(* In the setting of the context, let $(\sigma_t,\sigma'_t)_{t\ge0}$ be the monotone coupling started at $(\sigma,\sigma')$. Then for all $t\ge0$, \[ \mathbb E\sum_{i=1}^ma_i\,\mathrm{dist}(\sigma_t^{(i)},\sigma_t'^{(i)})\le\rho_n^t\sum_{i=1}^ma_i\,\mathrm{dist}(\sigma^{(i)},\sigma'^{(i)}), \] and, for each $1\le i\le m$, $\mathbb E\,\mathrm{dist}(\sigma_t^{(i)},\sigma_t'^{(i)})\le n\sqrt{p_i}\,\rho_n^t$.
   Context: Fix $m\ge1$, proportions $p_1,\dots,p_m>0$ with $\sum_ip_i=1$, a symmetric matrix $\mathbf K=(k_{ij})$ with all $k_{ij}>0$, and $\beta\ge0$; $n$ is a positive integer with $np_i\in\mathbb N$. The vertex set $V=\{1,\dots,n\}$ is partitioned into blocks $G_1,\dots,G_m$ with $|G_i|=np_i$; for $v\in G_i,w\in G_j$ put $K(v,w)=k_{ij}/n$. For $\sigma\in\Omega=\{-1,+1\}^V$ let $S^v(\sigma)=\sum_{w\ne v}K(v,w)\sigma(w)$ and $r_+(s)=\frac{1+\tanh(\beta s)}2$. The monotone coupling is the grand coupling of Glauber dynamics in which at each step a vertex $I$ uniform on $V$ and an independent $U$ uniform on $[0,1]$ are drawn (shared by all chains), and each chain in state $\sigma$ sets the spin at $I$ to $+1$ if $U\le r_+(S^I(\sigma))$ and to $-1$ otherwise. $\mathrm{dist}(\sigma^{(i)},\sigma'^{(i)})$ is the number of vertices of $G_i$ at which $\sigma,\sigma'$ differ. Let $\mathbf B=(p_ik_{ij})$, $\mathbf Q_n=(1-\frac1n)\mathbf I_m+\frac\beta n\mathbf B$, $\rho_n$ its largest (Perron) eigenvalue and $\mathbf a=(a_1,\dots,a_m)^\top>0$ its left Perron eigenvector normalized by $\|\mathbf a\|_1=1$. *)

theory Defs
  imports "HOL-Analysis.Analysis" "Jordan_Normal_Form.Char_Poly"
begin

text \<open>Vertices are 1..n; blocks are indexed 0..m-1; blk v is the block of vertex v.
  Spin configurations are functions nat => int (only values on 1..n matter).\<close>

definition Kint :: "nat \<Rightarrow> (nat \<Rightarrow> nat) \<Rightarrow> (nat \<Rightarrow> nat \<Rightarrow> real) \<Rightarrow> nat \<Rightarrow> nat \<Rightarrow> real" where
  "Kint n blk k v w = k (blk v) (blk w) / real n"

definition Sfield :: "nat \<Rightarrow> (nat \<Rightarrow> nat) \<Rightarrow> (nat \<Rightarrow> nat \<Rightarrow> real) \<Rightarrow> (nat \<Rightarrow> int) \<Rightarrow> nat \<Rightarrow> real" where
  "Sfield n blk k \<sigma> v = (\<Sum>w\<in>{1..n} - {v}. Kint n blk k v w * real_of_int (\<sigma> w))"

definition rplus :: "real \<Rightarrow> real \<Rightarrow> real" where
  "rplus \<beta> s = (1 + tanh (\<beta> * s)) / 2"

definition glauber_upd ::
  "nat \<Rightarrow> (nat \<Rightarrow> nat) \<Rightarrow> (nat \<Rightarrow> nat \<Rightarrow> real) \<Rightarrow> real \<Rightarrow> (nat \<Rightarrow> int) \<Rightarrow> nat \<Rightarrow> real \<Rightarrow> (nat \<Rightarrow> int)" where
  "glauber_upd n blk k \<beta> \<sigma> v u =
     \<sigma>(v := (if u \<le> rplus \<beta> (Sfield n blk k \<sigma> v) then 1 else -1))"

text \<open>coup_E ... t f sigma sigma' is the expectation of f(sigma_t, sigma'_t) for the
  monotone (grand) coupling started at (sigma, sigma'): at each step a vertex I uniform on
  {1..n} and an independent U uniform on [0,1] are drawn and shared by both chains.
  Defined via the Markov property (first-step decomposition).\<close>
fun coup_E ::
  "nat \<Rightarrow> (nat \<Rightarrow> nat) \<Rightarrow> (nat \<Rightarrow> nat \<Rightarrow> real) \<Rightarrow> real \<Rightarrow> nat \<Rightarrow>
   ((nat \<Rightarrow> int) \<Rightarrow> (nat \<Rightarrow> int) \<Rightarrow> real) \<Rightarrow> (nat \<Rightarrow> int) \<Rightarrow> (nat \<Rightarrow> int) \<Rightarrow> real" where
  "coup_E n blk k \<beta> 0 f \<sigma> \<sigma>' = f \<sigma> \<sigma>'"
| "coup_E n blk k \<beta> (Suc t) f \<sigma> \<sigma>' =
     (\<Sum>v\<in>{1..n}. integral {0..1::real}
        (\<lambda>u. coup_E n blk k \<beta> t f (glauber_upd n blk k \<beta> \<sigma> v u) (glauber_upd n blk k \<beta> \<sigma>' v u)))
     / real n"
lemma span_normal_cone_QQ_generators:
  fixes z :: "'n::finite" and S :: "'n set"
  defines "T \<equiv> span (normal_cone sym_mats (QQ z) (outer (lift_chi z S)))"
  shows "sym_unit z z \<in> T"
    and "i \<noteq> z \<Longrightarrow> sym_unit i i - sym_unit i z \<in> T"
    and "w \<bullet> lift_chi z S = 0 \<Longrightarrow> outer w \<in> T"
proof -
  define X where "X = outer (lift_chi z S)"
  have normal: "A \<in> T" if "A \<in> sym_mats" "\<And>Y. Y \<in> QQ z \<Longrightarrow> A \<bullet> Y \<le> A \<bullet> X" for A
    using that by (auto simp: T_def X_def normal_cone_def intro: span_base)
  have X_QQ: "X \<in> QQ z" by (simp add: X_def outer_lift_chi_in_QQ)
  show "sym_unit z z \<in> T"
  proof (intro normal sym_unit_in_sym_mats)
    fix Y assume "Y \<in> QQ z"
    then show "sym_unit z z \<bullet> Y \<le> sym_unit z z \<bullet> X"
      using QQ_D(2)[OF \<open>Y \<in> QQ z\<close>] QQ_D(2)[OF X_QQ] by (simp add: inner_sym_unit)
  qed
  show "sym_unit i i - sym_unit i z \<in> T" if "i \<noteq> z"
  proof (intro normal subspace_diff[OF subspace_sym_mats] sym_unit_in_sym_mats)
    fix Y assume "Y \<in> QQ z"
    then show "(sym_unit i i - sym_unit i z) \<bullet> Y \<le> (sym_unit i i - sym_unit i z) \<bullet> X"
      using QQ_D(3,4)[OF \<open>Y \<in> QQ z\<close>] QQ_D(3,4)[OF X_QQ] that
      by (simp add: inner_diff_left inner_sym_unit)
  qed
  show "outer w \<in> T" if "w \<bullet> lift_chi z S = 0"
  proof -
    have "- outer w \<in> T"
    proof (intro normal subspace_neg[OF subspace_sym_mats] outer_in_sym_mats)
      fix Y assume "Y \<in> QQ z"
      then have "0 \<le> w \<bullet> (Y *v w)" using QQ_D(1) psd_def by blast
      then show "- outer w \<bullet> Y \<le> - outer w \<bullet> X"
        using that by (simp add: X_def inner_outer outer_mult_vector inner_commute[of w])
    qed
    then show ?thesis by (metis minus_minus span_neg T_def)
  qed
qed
──────────────────────────────
_WHAT THE TASK ASKS_
Using the data above, count the lines where "close" appears. Reply with the number only.

_ANSWER TO THIS TASK_
4